"""

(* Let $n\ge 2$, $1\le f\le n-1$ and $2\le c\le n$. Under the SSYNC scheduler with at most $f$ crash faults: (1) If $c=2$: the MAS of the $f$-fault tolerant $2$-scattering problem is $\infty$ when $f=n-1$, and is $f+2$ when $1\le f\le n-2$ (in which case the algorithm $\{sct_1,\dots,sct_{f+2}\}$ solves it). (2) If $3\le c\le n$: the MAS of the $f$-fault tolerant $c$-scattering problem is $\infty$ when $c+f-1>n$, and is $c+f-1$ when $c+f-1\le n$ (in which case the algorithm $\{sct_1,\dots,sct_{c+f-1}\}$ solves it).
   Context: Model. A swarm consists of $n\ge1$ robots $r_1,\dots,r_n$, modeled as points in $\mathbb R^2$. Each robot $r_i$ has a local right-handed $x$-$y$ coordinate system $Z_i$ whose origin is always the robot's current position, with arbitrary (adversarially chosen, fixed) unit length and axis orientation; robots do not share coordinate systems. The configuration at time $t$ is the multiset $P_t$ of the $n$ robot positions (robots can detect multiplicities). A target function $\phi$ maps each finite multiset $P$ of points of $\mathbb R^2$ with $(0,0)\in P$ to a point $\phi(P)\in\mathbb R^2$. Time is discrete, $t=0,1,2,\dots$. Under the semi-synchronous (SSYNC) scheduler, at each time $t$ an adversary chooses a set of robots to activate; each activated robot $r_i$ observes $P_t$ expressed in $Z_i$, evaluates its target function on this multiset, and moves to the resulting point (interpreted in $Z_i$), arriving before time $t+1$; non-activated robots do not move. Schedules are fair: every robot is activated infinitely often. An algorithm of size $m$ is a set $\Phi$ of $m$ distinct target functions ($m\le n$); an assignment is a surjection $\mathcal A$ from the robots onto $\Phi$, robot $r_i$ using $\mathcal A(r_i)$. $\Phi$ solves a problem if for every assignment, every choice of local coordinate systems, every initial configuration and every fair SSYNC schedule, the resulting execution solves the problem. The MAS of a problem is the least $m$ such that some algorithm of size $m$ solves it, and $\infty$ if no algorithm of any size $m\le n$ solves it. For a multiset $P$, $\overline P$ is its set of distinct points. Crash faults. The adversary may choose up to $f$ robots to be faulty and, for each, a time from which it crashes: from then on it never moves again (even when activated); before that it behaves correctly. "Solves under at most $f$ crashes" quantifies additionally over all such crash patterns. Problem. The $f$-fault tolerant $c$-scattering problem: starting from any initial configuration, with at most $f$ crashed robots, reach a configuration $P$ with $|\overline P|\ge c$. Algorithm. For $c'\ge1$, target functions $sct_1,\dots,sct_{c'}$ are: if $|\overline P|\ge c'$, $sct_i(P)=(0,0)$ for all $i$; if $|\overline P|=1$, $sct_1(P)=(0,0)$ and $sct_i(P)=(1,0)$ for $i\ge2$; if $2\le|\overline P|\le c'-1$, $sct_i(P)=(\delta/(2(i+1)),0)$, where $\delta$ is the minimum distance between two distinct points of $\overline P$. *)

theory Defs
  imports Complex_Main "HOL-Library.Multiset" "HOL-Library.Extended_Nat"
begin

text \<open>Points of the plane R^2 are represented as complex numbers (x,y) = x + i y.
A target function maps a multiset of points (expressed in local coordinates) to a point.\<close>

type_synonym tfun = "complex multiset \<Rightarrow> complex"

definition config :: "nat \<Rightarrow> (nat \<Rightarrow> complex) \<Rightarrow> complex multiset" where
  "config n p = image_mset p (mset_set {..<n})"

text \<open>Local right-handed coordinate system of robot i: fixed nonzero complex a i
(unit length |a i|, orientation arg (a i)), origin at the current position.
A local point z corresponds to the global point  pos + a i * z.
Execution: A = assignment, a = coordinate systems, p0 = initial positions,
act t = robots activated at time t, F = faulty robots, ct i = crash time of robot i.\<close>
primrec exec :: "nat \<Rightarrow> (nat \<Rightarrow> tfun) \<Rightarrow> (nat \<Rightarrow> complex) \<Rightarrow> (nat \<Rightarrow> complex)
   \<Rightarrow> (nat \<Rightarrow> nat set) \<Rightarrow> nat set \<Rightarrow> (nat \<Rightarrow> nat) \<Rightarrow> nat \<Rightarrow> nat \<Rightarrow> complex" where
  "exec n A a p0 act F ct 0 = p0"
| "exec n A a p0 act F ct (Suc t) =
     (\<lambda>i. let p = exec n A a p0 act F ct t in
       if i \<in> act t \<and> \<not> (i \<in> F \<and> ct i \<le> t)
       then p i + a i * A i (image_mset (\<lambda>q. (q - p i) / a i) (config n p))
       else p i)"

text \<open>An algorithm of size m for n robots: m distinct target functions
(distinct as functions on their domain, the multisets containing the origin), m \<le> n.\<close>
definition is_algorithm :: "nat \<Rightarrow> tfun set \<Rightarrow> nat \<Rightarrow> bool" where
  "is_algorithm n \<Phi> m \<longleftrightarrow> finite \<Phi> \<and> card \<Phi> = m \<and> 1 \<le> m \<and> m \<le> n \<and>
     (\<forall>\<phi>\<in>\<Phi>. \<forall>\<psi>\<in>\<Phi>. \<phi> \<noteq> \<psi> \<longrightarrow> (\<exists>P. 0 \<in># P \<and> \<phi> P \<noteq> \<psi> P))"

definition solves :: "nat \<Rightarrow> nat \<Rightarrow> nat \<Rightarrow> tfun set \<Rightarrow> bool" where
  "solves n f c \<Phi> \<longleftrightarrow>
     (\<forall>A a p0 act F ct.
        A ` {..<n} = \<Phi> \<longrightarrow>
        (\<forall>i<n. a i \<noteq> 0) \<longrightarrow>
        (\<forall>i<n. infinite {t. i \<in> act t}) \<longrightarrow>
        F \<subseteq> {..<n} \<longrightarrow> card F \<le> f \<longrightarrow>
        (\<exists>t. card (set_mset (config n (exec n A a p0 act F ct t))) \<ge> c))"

"""

> Instructions to follow
The answer should consist of all lines from the records above that hold the word "exists".

> Solution
     (\<forall>\<phi>\<in>\<Phi>. \<forall>\<psi>\<in>\<Phi>. \<phi> \<noteq> \<psi> \<longrightarrow> (\<exists>P. 0 \<in># P \<and> \<phi> P \<noteq> \<psi> P))"
        (\<exists>t. card (set_mset (config n (exec n A a p0 act F ct t))) \<ge> c))"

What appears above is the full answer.